Your objective — Return every entry below without altering a word.

Saved entries —
● ● ● ● ● ● ●

(* Let $A$ be a totally ordered finite alphabet and let $w\in A^*$ be a primitive word. The following conditions are equivalent: (i) $w$ is a perfectly clustering Lyndon word; (ii) $w$ is a product of two palindromes, and $w$ has a palindromic special factorization; (iii) $w$ has a special factorization $w=a_1\pi_1a_2\pi_2\cdots\pi_{k-1}a_k$ such that $w$ is conjugate to $W=a_k\pi_{k-1}a_{k-1}\cdots a_2\pi_1a_1$.
   Context: For $w\in A^*$, $Alph(w)$ is the set of letters occurring in $w$. A special factorization of $w$ is a factorization $w=a_1\pi_1a_2\pi_2\cdots\pi_{k-1}a_k$ where $Alph(w)=\{a_1<a_2<\cdots<a_k\}$ and $\pi_1,\dots,\pi_{k-1}\in A^*$ are arbitrary words. Given such a factorization, $W:=a_k\pi_{k-1}a_{k-1}\cdots\pi_2a_2\pi_1a_1$. The special factorization is palindromic if each $\pi_i$ is a palindrome (equal to its reversal). Two words $u,v$ are conjugate if $u=xy$, $v=yx$ for some words $x,y$. Words are compared in lexicographic order (a proper prefix is smaller). A Lyndon word is a primitive word strictly smaller than all its other conjugates. For a primitive word $v$ of length $n$ with conjugates $v_1<v_2<\cdots<v_n$, its Burrows–Wheeler transform is $\mathrm{bw}(v)=l_1\cdots l_n$, where $l_i$ is the last letter of $v_i$. A primitive word $v$ is perfectly clustering if $\mathrm{bw}(v)$ is weakly decreasing, i.e. $\mathrm{bw}(v)=b_k^{|v|_{b_k}}\cdots b_1^{|v|_{b_1}}$ where $b_1<\cdots<b_k$ are the letters of the alphabet and $|v|_b$ is the number of occurrences of $b$ in $v$. *)

theory Defs
  imports Main "HOL-Library.List_Lexorder"
begin

text \<open>Words are lists over a linearly ordered alphabet; lists are compared by the
lexicographic order of List_Lexorder (a proper prefix is smaller).\<close>

definition primitive :: "'a list \<Rightarrow> bool" where
  "primitive w \<longleftrightarrow> w \<noteq> [] \<and> \<not> (\<exists>u k. k \<ge> 2 \<and> w = concat (replicate k u))"

definition conjugate :: "'a list \<Rightarrow> 'a list \<Rightarrow> bool" where
  "conjugate u v \<longleftrightarrow> (\<exists>x y. u = x @ y \<and> v = y @ x)"

definition lyndon :: "'a::linorder list \<Rightarrow> bool" where
  "lyndon w \<longleftrightarrow> primitive w \<and> (\<forall>i. 0 < i \<and> i < length w \<longrightarrow> w < rotate i w)"

definition bw :: "'a::linorder list \<Rightarrow> 'a list" where
  "bw v = map last (sort (map (\<lambda>i. rotate i v) [0..<length v]))"

definition perfectly_clustering :: "'a::linorder list \<Rightarrow> bool" where
  "perfectly_clustering v \<longleftrightarrow> primitive v \<and> sorted_wrt (\<ge>) (bw v)"

definition palindrome :: "'a list \<Rightarrow> bool" where
  "palindrome p \<longleftrightarrow> rev p = p"

text \<open>Special factorization w = a_1 pi_1 a_2 ... pi_(k-1) a_k, where a_1 < ... < a_k are the
letters of w and ps = [pi_1, ..., pi_(k-1)].\<close>
definition special_factorization :: "'a::linorder list \<Rightarrow> 'a list list \<Rightarrow> bool" where
  "special_factorization w ps \<longleftrightarrow>
     w \<noteq> [] \<and> length ps + 1 = card (set w) \<and>
     w = concat (map2 (\<lambda>a p. a # p) (sorted_list_of_set (set w)) (ps @ [[]]))"

text \<open>W = a_k pi_(k-1) a_(k-1) ... pi_2 a_2 pi_1 a_1.\<close>
definition bigW :: "'a::linorder list \<Rightarrow> 'a list list \<Rightarrow> 'a list" where
  "bigW w ps = concat (map2 (\<lambda>p a. p @ [a]) ([] # rev ps) (rev (sorted_list_of_set (set w))))"

end

theory Submission
  imports Defs
begin

text \<open>
  (iii) implies (i): if W = a_k pi_(k-1) ... pi_1 a_1 is a rotation of w, then every rotation
  of w other than w itself has a strictly smaller rotation whose last letter is not smaller:
  a suffix of pi_j followed by a_(j+1) in w reappears in W followed by a_j. This predecessor
  map is injective, and a counting argument shows that w is its least rotation and that the
  last letters decrease along the sorted rotations.

  (i) implies (ii): for a perfectly clustering word the LF-mapping sends the rank of the
  rotation at t to length w - 1 minus the reflection of that rank inside the block of ranks
  of the letter w ! t. The successor map on ranks is thus a product of two involutions,
  whence w is a product of two palindromes. The positions of the least rotations starting with each
  letter cut w into gaps which the same symmetry pairs as mirror images; counting letters of
  even multiplicity against self-paired gaps shows that every gap is paired with itself. So
  these positions carry a_1, ..., a_k in increasing order and the gaps are palindromes.

  (ii) implies (iii): a palindromic special factorization gives W = rev w, a conjugate of w
  when w is a product of two palindromes.
\<close>

declare rotate_Suc [simp del]

section \<open>Rotations\<close>

lemma primitive_rotate_neq_self:
  assumes "primitive w" "0 < d" "d < length w"
  shows "rotate d w \<noteq> w"
proof
  assume rot: "rotate d w = w"
  have "take d w @ drop d w = drop d w @ take d w"
    using rot assms(3) by (simp add: rotate_drop_take)
  then obtain m1 m2 u where u: "concat (replicate m1 u) = take d w" "concat (replicate m2 u) = drop d w"
    using comm_append_are_replicate by blast
  have "take d w \<noteq> []" "drop d w \<noteq> []"
    using assms(2,3) by auto
  then have "m1 \<noteq> 0" "m2 \<noteq> 0"
    using u by (metis concat_replicate_trivial replicate_0)+
  then have "2 \<le> m1 + m2" by simp
  moreover have "w = concat (replicate (m1 + m2) u)"
    by (metis append_take_drop_id concat_append replicate_add u)
  ultimately show False
    using assms(1) unfolding primitive_def by blast
qed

● ● ● ● ● ● ●

Response —
(* Let $A$ be a totally ordered finite alphabet and let $w\in A^*$ be a primitive word. The following conditions are equivalent: (i) $w$ is a perfectly clustering Lyndon word; (ii) $w$ is a product of two palindromes, and $w$ has a palindromic special factorization; (iii) $w$ has a special factorization $w=a_1\pi_1a_2\pi_2\cdots\pi_{k-1}a_k$ such that $w$ is conjugate to $W=a_k\pi_{k-1}a_{k-1}\cdots a_2\pi_1a_1$.
   Context: For $w\in A^*$, $Alph(w)$ is the set of letters occurring in $w$. A special factorization of $w$ is a factorization $w=a_1\pi_1a_2\pi_2\cdots\pi_{k-1}a_k$ where $Alph(w)=\{a_1<a_2<\cdots<a_k\}$ and $\pi_1,\dots,\pi_{k-1}\in A^*$ are arbitrary words. Given such a factorization, $W:=a_k\pi_{k-1}a_{k-1}\cdots\pi_2a_2\pi_1a_1$. The special factorization is palindromic if each $\pi_i$ is a palindrome (equal to its reversal). Two words $u,v$ are conjugate if $u=xy$, $v=yx$ for some words $x,y$. Words are compared in lexicographic order (a proper prefix is smaller). A Lyndon word is a primitive word strictly smaller than all its other conjugates. For a primitive word $v$ of length $n$ with conjugates $v_1<v_2<\cdots<v_n$, its Burrows–Wheeler transform is $\mathrm{bw}(v)=l_1\cdots l_n$, where $l_i$ is the last letter of $v_i$. A primitive word $v$ is perfectly clustering if $\mathrm{bw}(v)$ is weakly decreasing, i.e. $\mathrm{bw}(v)=b_k^{|v|_{b_k}}\cdots b_1^{|v|_{b_1}}$ where $b_1<\cdots<b_k$ are the letters of the alphabet and $|v|_b$ is the number of occurrences of $b$ in $v$. *)

theory Defs
  imports Main "HOL-Library.List_Lexorder"
begin

text \<open>Words are lists over a linearly ordered alphabet; lists are compared by the
lexicographic order of List_Lexorder (a proper prefix is smaller).\<close>

definition primitive :: "'a list \<Rightarrow> bool" where
  "primitive w \<longleftrightarrow> w \<noteq> [] \<and> \<not> (\<exists>u k. k \<ge> 2 \<and> w = concat (replicate k u))"

definition conjugate :: "'a list \<Rightarrow> 'a list \<Rightarrow> bool" where
  "conjugate u v \<longleftrightarrow> (\<exists>x y. u = x @ y \<and> v = y @ x)"

definition lyndon :: "'a::linorder list \<Rightarrow> bool" where
  "lyndon w \<longleftrightarrow> primitive w \<and> (\<forall>i. 0 < i \<and> i < length w \<longrightarrow> w < rotate i w)"

definition bw :: "'a::linorder list \<Rightarrow> 'a list" where
  "bw v = map last (sort (map (\<lambda>i. rotate i v) [0..<length v]))"

definition perfectly_clustering :: "'a::linorder list \<Rightarrow> bool" where
  "perfectly_clustering v \<longleftrightarrow> primitive v \<and> sorted_wrt (\<ge>) (bw v)"

definition palindrome :: "'a list \<Rightarrow> bool" where
  "palindrome p \<longleftrightarrow> rev p = p"

text \<open>Special factorization w = a_1 pi_1 a_2 ... pi_(k-1) a_k, where a_1 < ... < a_k are the
letters of w and ps = [pi_1, ..., pi_(k-1)].\<close>
definition special_factorization :: "'a::linorder list \<Rightarrow> 'a list list \<Rightarrow> bool" where
  "special_factorization w ps \<longleftrightarrow>
     w \<noteq> [] \<and> length ps + 1 = card (set w) \<and>
     w = concat (map2 (\<lambda>a p. a # p) (sorted_list_of_set (set w)) (ps @ [[]]))"

text \<open>W = a_k pi_(k-1) a_(k-1) ... pi_2 a_2 pi_1 a_1.\<close>
definition bigW :: "'a::linorder list \<Rightarrow> 'a list list \<Rightarrow> 'a list" where
  "bigW w ps = concat (map2 (\<lambda>p a. p @ [a]) ([] # rev ps) (rev (sorted_list_of_set (set w))))"

end

theory Submission
  imports Defs
begin

text \<open>
  (iii) implies (i): if W = a_k pi_(k-1) ... pi_1 a_1 is a rotation of w, then every rotation
  of w other than w itself has a strictly smaller rotation whose last letter is not smaller:
  a suffix of pi_j followed by a_(j+1) in w reappears in W followed by a_j. This predecessor
  map is injective, and a counting argument shows that w is its least rotation and that the
  last letters decrease along the sorted rotations.

  (i) implies (ii): for a perfectly clustering word the LF-mapping sends the rank of the
  rotation at t to length w - 1 minus the reflection of that rank inside the block of ranks
  of the letter w ! t. The successor map on ranks is thus a product of two involutions,
  whence w is a product of two palindromes. The positions of the least rotations starting with each
  letter cut w into gaps which the same symmetry pairs as mirror images; counting letters of
  even multiplicity against self-paired gaps shows that every gap is paired with itself. So
  these positions carry a_1, ..., a_k in increasing order and the gaps are palindromes.

  (ii) implies (iii): a palindromic special factorization gives W = rev w, a conjugate of w
  when w is a product of two palindromes.
\<close>

declare rotate_Suc [simp del]

section \<open>Rotations\<close>

lemma primitive_rotate_neq_self:
  assumes "primitive w" "0 < d" "d < length w"
  shows "rotate d w \<noteq> w"
proof
  assume rot: "rotate d w = w"
  have "take d w @ drop d w = drop d w @ take d w"
    using rot assms(3) by (simp add: rotate_drop_take)
  then obtain m1 m2 u where u: "concat (replicate m1 u) = take d w" "concat (replicate m2 u) = drop d w"
    using comm_append_are_replicate by blast
  have "take d w \<noteq> []" "drop d w \<noteq> []"
    using assms(2,3) by auto
  then have "m1 \<noteq> 0" "m2 \<noteq> 0"
    using u by (metis concat_replicate_trivial replicate_0)+
  then have "2 \<le> m1 + m2" by simp
  moreover have "w = concat (replicate (m1 + m2) u)"
    by (metis append_take_drop_id concat_append replicate_add u)
  ultimately show False
    using assms(1) unfolding primitive_def by blast
qed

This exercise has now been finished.